Architecture as executable invariants (not a wiki page nobody reads):

- **NetArchTest.eNhanced** / **ArchUnitNET** — "ViewModels don't reference the DAL",
"nothing depends on the UI assembly", "all repositories are internal" — as unit tests.
- **NDepend** (paid, only one in its class) — LCOM, afferent/efferent coupling,
instability `I = Ce/(Ca+Ce)`, abstractness, distance-from-main-sequence (the
zone-of-pain / zone-of-uselessness diagram), and CQLinq (LINQ queries over your own
codebase as CI rules).
- **Stryker.NET** — mutation testing for .NET.

## Python (ownlang — the reference core)

`mypy --strict` is already in the gate. Tighten around it:

- **ruff** with `select = ["ALL"]` and a deliberate, commented ignore list — it includes
the pylint design metrics (`too-many-branches`/`-arguments`/`-statements`), crude but
workable proxies for low cohesion.
- **xenon** — fails the build when cyclomatic complexity exceeds a threshold
(`xenon --max-absolute B`).
- **vulture** — dead code.
- **import-linter** — architectural contracts for Python: "lexer does not import
codegen", "layers go strictly downward" — exactly the pipeline discipline ownlang
needs (and the analogue of the Rust crate-DAG fitness test).
- **pyright** in strict as a second opinion to mypy — they catch different things.
- **Hypothesis** — property tests on lexer/parser; generative inputs find what the
golden tests didn't imagine.

## Cross-stack

- **CodeQL** — free for public repos (ours are public).

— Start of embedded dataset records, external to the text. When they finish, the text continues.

(* Under the Setting and Algorithm in the context, suppose $$\frac{N-s+1}{2}\min_{k\in\mathcal N}\gamma_k\eta_k>D_{\mathcal X}^2+\frac12\sum_{k\in\mathcal B}\gamma_k^2L_f^2+\frac12\sum_{k\in\mathcal N}\gamma_k^2L_{g,\mathcal X}^2.$$ Then $\mathcal B\neq\emptyset$ (so $\bar x_{N,s}$ is well defined), and moreover either (i) $|\mathcal B|\ge(N-s+1)/2$, or (ii) $\sum_{k\in\mathcal B}\gamma_k\langle f'(x_k),x_k-x^*\rangle<0$.
   Context: Setting. $\mathcal X\subset\mathbb R^n$ is convex and compact; $f:\mathcal X\to\mathbb R$ is convex and $L_f$-Lipschitz; $\Delta\subset\mathbb R^d$ is compact; $g:\mathcal X\times\Delta\to\mathbb R$ is such that for every $\delta\in\Delta$, $x\mapsto g(x,\delta)$ is convex and $L_{g,\mathcal X}$-Lipschitz, and for every $x\in\mathcal X$, $\delta\mapsto g(x,\delta)$ is $L_{g,\Delta}$-Lipschitz. Let $G(x):=\max_{\delta\in\Delta}g(x,\delta)$ and assume the problem $\min_{x\in\mathcal X}\{f(x):G(x)\le0\}$ has an optimal solution $x^*$. Norms are Euclidean. $f'(x)$ denotes a subgradient of $f$ at $x$ and $g'(x,\delta)$ a subgradient of $g(\cdot,\delta)$ at $x$. Let $\omega_{\mathcal X}:\mathcal X\to\mathbb R$ be continuously differentiable and $1$-strongly convex; $V(x,z):=\omega_{\mathcal X}(z)-\omega_{\mathcal X}(x)-\langle\nabla\omega_{\mathcal X}(x),z-x\rangle$; prox-mapping $P_{x,\mathcal X}(y):=\arg\min_{z\in\mathcal X}\{\langle y,z\rangle+V(x,z)\}$; $D_{\mathcal X}:=\sqrt{\max_{x,z\in\mathcal X}V(x,z)}$. Algorithm (inexact CSA). Inputs: $N\ge1$, $x_1\in\mathcal X$, tolerances $\eta_k>0$, step-sizes $\gamma_k>0$. For $k=1,\dots,N$: choose some $\delta_k\in\Delta$ (an approximate maximizer of $g(x_k,\cdot)$); set $h_k=f'(x_k)$ if $g(x_k,\delta_k)\le\eta_k$ and $h_k=g'(x_k,\delta_k)$ otherwise; set $x_{k+1}=P_{x_k,\mathcal X}(\gamma_kh_k)$. For $1\le s\le N$ let $I=\{s,\dots,N\}$, $\mathcal B:=\{k\in I: g(x_k,\delta_k)\le\eta_k\}$, $\mathcal N:=I\setminus\mathcal B$, and output $\bar x_{N,s}:=\sum_{k\in\mathcal B}\gamma_kx_k/\sum_{k\in\mathcal B}\gamma_k$. (The minimum over an empty set is $+\infty$.) *)

theory Defs
  imports "HOL-Analysis.Analysis"
begin

definition strongly_convex1_on :: "'a::real_normed_vector set \<Rightarrow> ('a \<Rightarrow> real) \<Rightarrow> bool" where
  "strongly_convex1_on S w \<longleftrightarrow>
     (\<forall>x\<in>S. \<forall>y\<in>S. \<forall>t::real. 0 \<le> t \<and> t \<le> 1 \<longrightarrow>
        w (t *\<^sub>R x + (1 - t) *\<^sub>R y)
          \<le> t * w x + (1 - t) * w y - (1/2) * t * (1 - t) * (norm (x - y))\<^sup>2)"

definition bregman :: "('a::real_inner \<Rightarrow> real) \<Rightarrow> ('a \<Rightarrow> 'a) \<Rightarrow> 'a \<Rightarrow> 'a \<Rightarrow> real" where
  "bregman w dw x z = w z - w x - dw x \<bullet> (z - x)"

definition is_prox :: "('a::real_inner \<Rightarrow> real) \<Rightarrow> ('a \<Rightarrow> 'a) \<Rightarrow> 'a set \<Rightarrow> 'a \<Rightarrow> 'a \<Rightarrow> 'a \<Rightarrow> bool" where
  "is_prox w dw X x y p \<longleftrightarrow> p \<in> X \<and>
     (\<forall>z\<in>X. y \<bullet> p + bregman w dw x p \<le> y \<bullet> z + bregman w dw x z)"

definition Dsq :: "('a::real_inner \<Rightarrow> real) \<Rightarrow> ('a \<Rightarrow> 'a) \<Rightarrow> 'a set \<Rightarrow> real" where
  "Dsq w dw X = (SUP p \<in> X \<times> X. bregman w dw (fst p) (snd p))"

definition is_subgrad_on :: "'a::real_inner set \<Rightarrow> ('a \<Rightarrow> real) \<Rightarrow> 'a \<Rightarrow> 'a \<Rightarrow> bool" where
  "is_subgrad_on S f x v \<longleftrightarrow> (\<forall>y\<in>S. f y \<ge> f x + v \<bullet> (y - x))"

end

theory Submission
  imports Defs
begin

text \<open>
  Mirror descent with a 1-strongly convex distance-generating function satisfies the regret bound
  \<open>\<Sum>\<^sub>k \<gamma>\<^sub>k \<langle>h\<^sub>k, x\<^sub>k - x*\<rangle> \<le> D\<^sub>X\<^sup>2 + \<Sum>\<^sub>k \<gamma>\<^sub>k\<^sup>2 \<parallel>h\<^sub>k\<parallel>\<^sup>2 / 2\<close>.
  On an infeasible step (\<open>k \<in> \<N>\<close>) the subgradient inequality for \<open>g(\<cdot>, \<delta>\<^sub>k)\<close> at the feasible
  point \<open>x*\<close> gives \<open>\<langle>h\<^sub>k, x\<^sub>k - x*\<rangle> > \<eta>\<^sub>k\<close>. If the conclusion were false, \<open>\<N>\<close> would contain at least
  half of the steps and the \<open>\<B>\<close>-part of the sum would be nonnegative, so the left-hand side
  would exceed \<open>(N - s + 1)/2 \<cdot> min\<^sub>\<N> \<gamma>\<^sub>k \<eta>\<^sub>k\<close>, contradicting the hypothesis.
\<close>

lemma has_real_derivative_nonpos_at_left_max:
  fixes \<psi> :: "real \<Rightarrow> real"
  assumes "(\<psi> has_real_derivative l) (at 0 within {0..1})" "\<forall>t\<in>{0..1}. \<psi> t \<le> \<psi> 0"
  shows "l \<le> 0"
proof (rule ccontr)
  assume "\<not> l \<le> 0"
  then obtain d where d: "d > 0" "\<forall>h>0. 0 + h \<in> {0..1} \<longrightarrow> h < d \<longrightarrow> \<psi> 0 < \<psi> (0 + h)"
    using has_real_derivative_pos_inc_right[OF assms(1)] by fastforce
  then have "\<psi> 0 < \<psi> (min (d/2) 1)" by auto
  moreover have "\<psi> (min (d/2) 1) \<le> \<psi> 0" using assms(2) d by auto
  ultimately show False by simp
qed

lemma convex_segment_point_mem:
  assumes "convex X" "a \<in> X" "b \<in> X" "0 \<le> t" "t \<le> 1"
  shows "a + t *\<^sub>R (b - a) \<in> X"
proof -
  have "a + t *\<^sub>R (b - a) = (1 - t) *\<^sub>R a + t *\<^sub>R b" by (simp add: algebra_simps)
  thus ?thesis using convexD[OF assms(1-3), of "1 - t" t] assms(4,5) by simp
qed

lemma has_real_derivative_along_segment:
  fixes w :: "'a::real_inner \<Rightarrow> real"
  assumes "(w has_derivative (\<lambda>h. D \<bullet> h)) (at a within X)" "convex X" "a \<in> X" "b \<in> X"
  shows "((\<lambda>t. w (a + t *\<^sub>R (b - a))) has_real_derivative D \<bullet> (b - a)) (at 0 within {0..1})"
proof -
  let ?seg = "\<lambda>t::real. a + t *\<^sub>R (b - a)"
  have seg: "(?seg has_derivative (\<lambda>t. t *\<^sub>R (b - a))) (at 0 within {0..1})"
    by (intro derivative_eq_intros) auto
  have "?seg ` {0..1} \<subseteq> X" using convex_segment_point_mem[OF assms(2-4)] by auto
  then have "(w has_derivative (\<lambda>h. D \<bullet> h)) (at (?seg 0) within ?seg ` {0..1})"
    using has_derivative_subset[OF assms(1)] by simp
  from diff_chain_within[OF seg this]
  have "((w \<circ> ?seg) has_derivative ((\<lambda>h. D \<bullet> h) \<circ> (\<lambda>t. t *\<^sub>R (b - a)))) (at 0 within {0..1})" .
  moreover have "(\<lambda>h. D \<bullet> h) \<circ> (\<lambda>t. t *\<^sub>R (b - a)) = (*) (D \<bullet> (b - a))"
    by (auto simp: o_def fun_eq_iff)
  ultimately show ?thesis unfolding has_field_derivative_def by (simp add: o_def)
qed

lemma strongly_convex1_on_bregman_ge:
  fixes w :: "'a::real_inner \<Rightarrow> real"
  assumes sc: "strongly_convex1_on X w" and cx: "convex X"
    and d: "(w has_derivative (\<lambda>h. dw x \<bullet> h)) (at x within X)" and x: "x \<in> X" and p: "p \<in> X"
  shows "(norm (p - x))\<^sup>2 / 2 \<le> bregman w dw x p"
proof -
  define K where "K = (norm (p - x))\<^sup>2"
  define \<psi> where "\<psi> t = w (x + t *\<^sub>R (p - x)) - t * (w p - w x) + K / 2 * (t * (1 - t))" for t
  have "(\<psi> has_real_derivative dw x \<bullet> (p - x) - (w p - w x) + K / 2 * (1 * (1 - 0) + 0 * (-1)))
      (at 0 within {0..1})"
    unfolding \<psi>_def
    by (intro derivative_eq_intros has_real_derivative_along_segment[OF d cx x p])
      (auto intro: has_real_derivative_along_segment[OF d cx x p])
  moreover have "\<forall>t\<in>{0..1}. \<psi> t \<le> \<psi> 0"
  proof
    fix t :: real assume t: "t \<in> {0..1}"
    have "t *\<^sub>R p + (1 - t) *\<^sub>R x = x + t *\<^sub>R (p - x)" by (simp add: algebra_simps)
    moreover have "w (t *\<^sub>R p + (1 - t) *\<^sub>R x) \<le> t * w p + (1 - t) * w x - 1/2 * t * (1 - t) * K"
      using sc p x t unfolding strongly_convex1_on_def K_def by auto
    ultimately show "\<psi> t \<le> \<psi> 0" unfolding \<psi>_def by (simp add: algebra_simps)
  qed
  ultimately have "dw x \<bullet> (p - x) - (w p - w x) + K / 2 * (1 * (1 - 0) + 0 * (-1)) \<le> 0"
    by (rule has_real_derivative_nonpos_at_left_max)
  thus ?thesis unfolding bregman_def K_def by simp
qed

lemma is_prox_optimality:
  fixes w :: "'a::real_inner \<Rightarrow> real"
  assumes cx: "convex X" and z: "z \<in> X"
    and d: "(w has_derivative (\<lambda>h. dw p \<bullet> h)) (at p within X)"
    and pr: "is_prox w dw X x y p"
  shows "0 \<le> (y + dw p - dw x) \<bullet> (z - p)"
proof -
  have p: "p \<in> X" using pr unfolding is_prox_def by blast
  define c where "c = (y - dw x) \<bullet> (z - p)"
  define \<psi> where "\<psi> t = - (t * c + w (p + t *\<^sub>R (z - p)))" for t
  have "(\<psi> has_real_derivative - (1 * c + dw p \<bullet> (z - p))) (at 0 within {0..1})"
    unfolding \<psi>_def
    by (intro derivative_eq_intros has_real_derivative_along_segment[OF d cx p z])
      (auto intro: has_real_derivative_along_segment[OF d cx p z])
  moreover have "\<forall>t\<in>{0..1}. \<psi> t \<le> \<psi> 0"
  proof
    fix t :: real assume t: "t \<in> {0..1}"
    define q where "q = p + t *\<^sub>R (z - p)"
    have "q \<in> X" unfolding q_def using convex_segment_point_mem[OF cx p z] t by auto
    then have "y \<bullet> p + bregman w dw x p \<le> y \<bullet> q + bregman w dw x q"
      using pr unfolding is_prox_def by auto
    then have "0 \<le> y \<bullet> (q - p) + w q - w p - dw x \<bullet> (q - p)"
      unfolding bregman_def by (simp add: inner_diff_right algebra_simps)
    moreover have "q - p = t *\<^sub>R (z - p)" unfolding q_def by simp
    ultimately show "\<psi> t \<le> \<psi> 0" unfolding \<psi>_def c_def q_def
      by (simp add: inner_diff_left algebra_simps)
  qed
  ultimately have "- (1 * c + dw p \<bullet> (z - p)) \<le> 0" by (rule has_real_derivative_nonpos_at_left_max)
  thus ?thesis unfolding c_def by (simp add: inner_diff_left inner_add_left)
qed

lemma is_prox_descent_inequality:
  fixes w :: "'a::real_inner \<Rightarrow> real"
  assumes sc: "strongly_convex1_on X w" and cx: "convex X"
    and x: "x \<in> X" and z: "z \<in> X"
    and dx: "(w has_derivative (\<lambda>h. dw x \<bullet> h)) (at x within X)"
    and dp: "(w has_derivative (\<lambda>h. dw p \<bullet> h)) (at p within X)"
    and pr: "is_prox w dw X x (\<gamma> *\<^sub>R h) p" and \<gamma>: "\<gamma> \<ge> 0"
  shows "\<gamma> * (h \<bullet> (x - z)) \<le> bregman w dw x z - bregman w dw p z + \<gamma>\<^sup>2 * (norm h)\<^sup>2 / 2"
proof -
  have p: "p \<in> X" using pr unfolding is_prox_def by blast
  \<comment> \<open>three-point identity for the Bregman distance\<close>
  have "(dw p - dw x) \<bullet> (z - p) = bregman w dw x z - bregman w dw p z - bregman w dw x p"
    unfolding bregman_def by (simp add: inner_diff_left inner_diff_right algebra_simps)
  with is_prox_optimality[OF cx z dp pr]
  have near: "\<gamma> * (h \<bullet> (p - z)) \<le> bregman w dw x z - bregman w dw p z - bregman w dw x p"
    by (simp add: inner_add_left inner_diff_left inner_diff_right algebra_simps)
  have "\<gamma> * (h \<bullet> (x - p)) \<le> \<gamma> * (norm h * norm (x - p))"
    using \<gamma> by (intro mult_left_mono norm_cauchy_schwarz)
  also have "\<dots> \<le> \<gamma>\<^sup>2 * (norm h)\<^sup>2 / 2 + (norm (p - x))\<^sup>2 / 2"
    using sum_squares_ge_zero[of "\<gamma> * norm h - norm (x - p)" 0]
    by (simp add: power2_eq_square algebra_simps norm_minus_commute)
  also have "\<dots> \<le> \<gamma>\<^sup>2 * (norm h)\<^sup>2 / 2 + bregman w dw x p"
    using strongly_convex1_on_bregman_ge[where dw = dw, OF sc cx dx x p] by simp
  finally have far: "\<gamma> * (h \<bullet> (x - p)) \<le> \<gamma>\<^sup>2 * (norm h)\<^sup>2 / 2 + bregman w dw x p" .
  have "\<gamma> * (h \<bullet> (x - z)) = \<gamma> * (h \<bullet> (x - p)) + \<gamma> * (h \<bullet> (p - z))"
    by (simp add: inner_diff_right algebra_simps)
  with near far show ?thesis by linarith
qed

lemma bregman_le_Dsq:
  assumes X: "compact X" and w: "continuous_on X w" and dw: "continuous_on X dw"
    and x: "x \<in> X" and z: "z \<in> X"
  shows "bregman w dw x z \<le> Dsq w dw X"
proof -
  have "continuous_on (X \<times> X) (\<lambda>q. bregman w dw (fst q) (snd q))"
    unfolding bregman_def
    by (intro continuous_intros continuous_on_compose2[OF w] continuous_on_compose2[OF dw]) auto
  then have "compact ((\<lambda>q. bregman w dw (fst q) (snd q)) ` (X \<times> X))"
    using compact_Times[OF X X] by (rule compact_continuous_image)
  then have "bdd_above ((\<lambda>q. bregman w dw (fst q) (snd q)) ` (X \<times> X))"
    by (intro bounded_imp_bdd_above compact_imp_bounded)
  from cSUP_upper[OF _ this, of "(x, z)"] show ?thesis using x z unfolding Dsq_def by simp
qed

It is the Datalog-over-code we
keep circling back to (P-022 § open questions), ready-made; turn it on in Actions.
- **Semgrep** — custom rules in YAML in ~10 minutes; ideal for project bans ("nobody
calls `subprocess` outside our wrapper in 007").
- **SonarQube Community** — a dashboard, if wanted.

## The honest limit: SOLID is semantic

SRP and DIP are *semantic* properties; statically they are only approximated by proxy
metrics (size, coupling, LCOM). NDepend and ArchUnit give an approximation; the real
"this class does two things" judgement comes from **review — human or LLM**. The
CodeRabbit + Codex layer we already run on every PR is precisely that missing tier, so
that slice is already being built, not bought.

## Starting order (≈ a day's work, ~80 % of the value)

1. **IDisposableAnalyzers + VSTHRD** in the WPF app — a direct hit on the ownership
theme.
2. **clippy `[workspace.lints]` + `cargo-deny`** in the Rust workspace.
3. **import-linter** in ownlang.
4. **CodeQL** in Actions across all public repos.

Then take **NDepend** on trial and run it once over the enterprise solution — the
main-sequence diagram on a legacy codebase is an experience after which people either
refactor or drink (occasionally both). Everything else is applied on the ratchet.